text \<open>A permutation that does not follow the arcs picks a zero entry of \<open>x I - M\<close>.\<close>

lemma char_poly_signed_adj_eq_sum:
  assumes sid: "is_sidigraph n A sg" and T: "T \<subseteq> {\<sigma>. \<sigma> permutes {0..<n}}"
    and arc_perms:
      "\<And>\<sigma>. \<sigma> permutes {0..<n} \<Longrightarrow> \<forall>x. \<sigma> x \<noteq> x \<longrightarrow> (x, \<sigma> x) \<in> A \<Longrightarrow> \<sigma> \<in> T"
  shows "char_poly (signed_adj n A sg) = (\<Sum>\<sigma>\<in>T. det_term n (char_poly_matrix (signed_adj n A sg)) \<sigma>)"
proof -
  let ?M = "char_poly_matrix (signed_adj n A sg)"
  have "char_poly (signed_adj n A sg) = (\<Sum>\<sigma>\<in>{\<sigma>. \<sigma> permutes {0..<n}}. det_term n ?M \<sigma>)"
    unfolding char_poly_def det_term_def by (rule det_def') (simp add: signed_adj_def)
  also have "\<dots> = (\<Sum>\<sigma>\<in>T. det_term n ?M \<sigma>)"
  proof (rule sum.mono_neutral_right[OF _ T])
    show "\<forall>\<sigma>\<in>{\<sigma>. \<sigma> permutes {0..<n}} - T. det_term n ?M \<sigma> = 0"
    proof
      fix \<sigma>
      assume \<sigma>: "\<sigma> \<in> {\<sigma>. \<sigma> permutes {0..<n}} - T"
      then have perm: "\<sigma> permutes {0..<n}"
        by simp
      then obtain i where i: "\<sigma> i \<noteq> i" "(i, \<sigma> i) \<notin> A"
        using arc_perms \<sigma> by blast
      then have "i < n"
        using perm permutes_not_in by fastforce
      moreover have "\<sigma> i < n"
        using perm \<open>i < n\<close> by (simp add: permutes_in_image)
      ultimately have "?M $$ (i, \<sigma> i) = 0"
        using char_poly_matrix_signed_adj_entry[OF sid] i by simp
      then show "det_term n ?M \<sigma> = 0"
        unfolding det_term_def using \<open>i < n\<close> by (auto simp: prod_zero_iff)
    qed
  qed (simp add: finite_permutations)
  finally show ?thesis .
qed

▶ Prompt
Render every record verbatim. Nothing should be left out.

▶ Answer for the task
text \<open>A permutation that does not follow the arcs picks a zero entry of \<open>x I - M\<close>.\<close>

lemma char_poly_signed_adj_eq_sum:
  assumes sid: "is_sidigraph n A sg" and T: "T \<subseteq> {\<sigma>. \<sigma> permutes {0..<n}}"
    and arc_perms:
      "\<And>\<sigma>. \<sigma> permutes {0..<n} \<Longrightarrow> \<forall>x. \<sigma> x \<noteq> x \<longrightarrow> (x, \<sigma> x) \<in> A \<Longrightarrow> \<sigma> \<in> T"
  shows "char_poly (signed_adj n A sg) = (\<Sum>\<sigma>\<in>T. det_term n (char_poly_matrix (signed_adj n A sg)) \<sigma>)"
proof -
  let ?M = "char_poly_matrix (signed_adj n A sg)"
  have "char_poly (signed_adj n A sg) = (\<Sum>\<sigma>\<in>{\<sigma>. \<sigma> permutes {0..<n}}. det_term n ?M \<sigma>)"
    unfolding char_poly_def det_term_def by (rule det_def') (simp add: signed_adj_def)
  also have "\<dots> = (\<Sum>\<sigma>\<in>T. det_term n ?M \<sigma>)"
  proof (rule sum.mono_neutral_right[OF _ T])
    show "\<forall>\<sigma>\<in>{\<sigma>. \<sigma> permutes {0..<n}} - T. det_term n ?M \<sigma> = 0"
    proof
      fix \<sigma>
      assume \<sigma>: "\<sigma> \<in> {\<sigma>. \<sigma> permutes {0..<n}} - T"
      then have perm: "\<sigma> permutes {0..<n}"
        by simp
      then obtain i where i: "\<sigma> i \<noteq> i" "(i, \<sigma> i) \<notin> A"
        using arc_perms \<sigma> by blast
      then have "i < n"
        using perm permutes_not_in by fastforce
      moreover have "\<sigma> i < n"
        using perm \<open>i < n\<close> by (simp add: permutes_in_image)
      ultimately have "?M $$ (i, \<sigma> i) = 0"
        using char_poly_matrix_signed_adj_entry[OF sid] i by simp
      then show "det_term n ?M \<sigma> = 0"
        unfolding det_term_def using \<open>i < n\<close> by (auto simp: prod_zero_iff)
    qed
  qed (simp add: finite_permutations)
  finally show ?thesis .
qed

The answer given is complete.